Direitos a receber exéquias, a ser sepultado e a permanecer sepultado, que não
se compadecem com defesa de mercado''.
Legislação do
Município de Porto Alegre criou a Central de Atendimento Funerário, órgão
que se encarrega de controlar a realização de sepultamentos no
Município, condicionando a sua realização por funerárias credenciadas junto
ao Poder Público municipal.
No caso concreto
examinado, esse órgão não liberava o cadáver da mãe de Gerson Luiz
Vasconcellos porque a funerária contratada para a realização das
exéquias não era uma das credenciadas. Foi concedida liminar para que o filho
pudesse sepultar sua mãe e depois a sentença confirmou tal orientação.

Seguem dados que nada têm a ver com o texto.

lemma higher_deriv_cosh_moment:
  fixes r :: real assumes "0 < r"
  shows "(deriv ^^ n) (cosh_moment m) r = (- 1) ^ n * cosh_moment (m + n) r"
  using assms
proof (induction n arbitrary: r)
  case 0 thus ?case by simp
next
  case (Suc n)
  have "\<forall>\<^sub>F x in nhds r. (deriv ^^ n) (cosh_moment m) x = (- 1) ^ n * cosh_moment (m + n) x"
    using eventually_nhds_in_open[of "{0<..}" r] Suc by (auto elim!: eventually_mono)
  hence "(deriv ^^ Suc n) (cosh_moment m) r = deriv (\<lambda>x. (- 1) ^ n * cosh_moment (m + n) x) r"
    by (simp add: deriv_cong_ev)
  also have "\<dots> = (- 1) ^ n * - cosh_moment (Suc (m + n)) r"
    by (intro DERIV_imp_deriv DERIV_cmult has_real_derivative_cosh_moment Suc.prems)
  finally show ?case by simp
qed

lemma cosh_moment_nonneg: "0 \<le> cosh_moment m r"
  unfolding cosh_moment_def set_lebesgue_integral_def
  by (intro integral_nonneg_AE AE_I2) (simp add: cosh_real_nonneg)

lemma g_fun_nonneg:
  fixes s :: real assumes s: "0 < s"
  shows "0 \<le> g_fun s"
proof -
  have K0''': "(deriv ^^ 3) besselK0 r = - cosh_moment 3 r" if "0 < r" for r
  proof -
    have "besselK0 = cosh_moment 0" by (auto simp: besselK0_def cosh_moment_def fun_eq_iff)
    thus ?thesis using higher_deriv_cosh_moment[OF that, of 3 0] by simp
  qed
  have "0 \<le> indicator {s<..} r *\<^sub>R (cosh_moment 3 r * r / sqrt (r\<^sup>2 - s\<^sup>2))" for r
    using s cosh_moment_nonneg[of 3 r] by (auto simp: indicator_def)
  hence "0 \<le> (LINT r:{s<..}|lborel. cosh_moment 3 r * r / sqrt (r\<^sup>2 - s\<^sup>2))"
    unfolding set_lebesgue_integral_def by (intro integral_nonneg_AE AE_I2)
  moreover have "(LINT r:{s<..}|lborel. (deriv ^^ 3) besselK0 r * r / sqrt (r\<^sup>2 - s\<^sup>2))
      = - (LINT r:{s<..}|lborel. cosh_moment 3 r * r / sqrt (r\<^sup>2 - s\<^sup>2))"
    unfolding set_lebesgue_integral_def
    by (subst integral_minus[symmetric], rule Bochner_Integration.integral_cong)
      (use s in \<open>auto simp: indicator_def K0'''\<close>)
  ultimately show ?thesis using s by (simp add: g_fun_def)
qed
lemma det_add_psd2_strict_mono:
  assumes A: "psd2 A" and B: "psd2 B" and "0 < det A" and "0 < trace B"
  shows "det A < det (A + B)"
proof -
  define a1 a2 a3 b1 b2 b3 where
    "a1 = A$1$1" "a2 = A$1$2" "a3 = A$2$2" "b1 = B$1$1" "b2 = B$1$2" "b3 = B$2$2"
  note defs = a1_a2_a3_b1_b2_b3_def
  have a: "0 \<le> a1" "0 \<le> a3" "a2\<^sup>2 < a1 * a3" and b: "0 \<le> b1" "0 \<le> b3" "b2\<^sup>2 \<le> b1 * b3"
    and tr: "0 < b1 + b3"
    using psd2_entries[OF A] psd2_entries[OF B] det_psd2[OF A] assms(3,4) by (simp_all add: defs trace_2)
  have "0 < a1 * a3" using a(3) by (meson le_less_trans zero_le_power2)
  then have a13: "0 < a1" "0 < a3" using a(1,2) by (auto simp: zero_less_mult_iff)
  define p q where "p = sqrt (a1 * a3)" "q = sqrt (b1 * b3)"
  have p: "\<bar>a2\<bar> < p" and q: "0 \<le> q" "\<bar>b2\<bar> \<le> q"
    using a b by (auto simp: p_q_def intro!: real_less_rsqrt real_le_rsqrt)
  have "0 < a3 * b1 + a1 * b3 - 2 * a2 * b2"
  proof (cases "q = 0")
    case True
    then have "b2 = 0" using q by simp
    moreover have "0 < a3 * b1 + a1 * b3"
      using tr a13 b(1,2) by (smt (verit) mult_pos_pos mult_nonneg_nonneg)
    ultimately show ?thesis by simp
  next
    case False
    have "a2 * b2 \<le> \<bar>a2\<bar> * \<bar>b2\<bar>" by (simp flip: abs_mult)
    also have "\<dots> \<le> \<bar>a2\<bar> * q" using q by (simp add: mult_left_mono)
    also have "\<dots> < p * q" using p q False by simp
    finally show ?thesis
      using two_sqrt_mult_le_cross_sum[OF a(1,2) b(1,2)] by (simp add: p_q_def)
  qed
  then show ?thesis using det_add_psd2[OF A B] det_psd2_nonneg[OF B] by (simp add: defs)
qed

Apelou a referida Central, argumentando estar agindo no interesse da
comunidade e de acordo com a lei que regula a matéria. Contudo, o Tribunal,
acolhendo a inicial, reconheceu o direito da família na escolha dos serviços
funerários.
Deve uma viúva sem
filhos casar-se com o irmão do falecido marido? O Levítico diz que não (Lv.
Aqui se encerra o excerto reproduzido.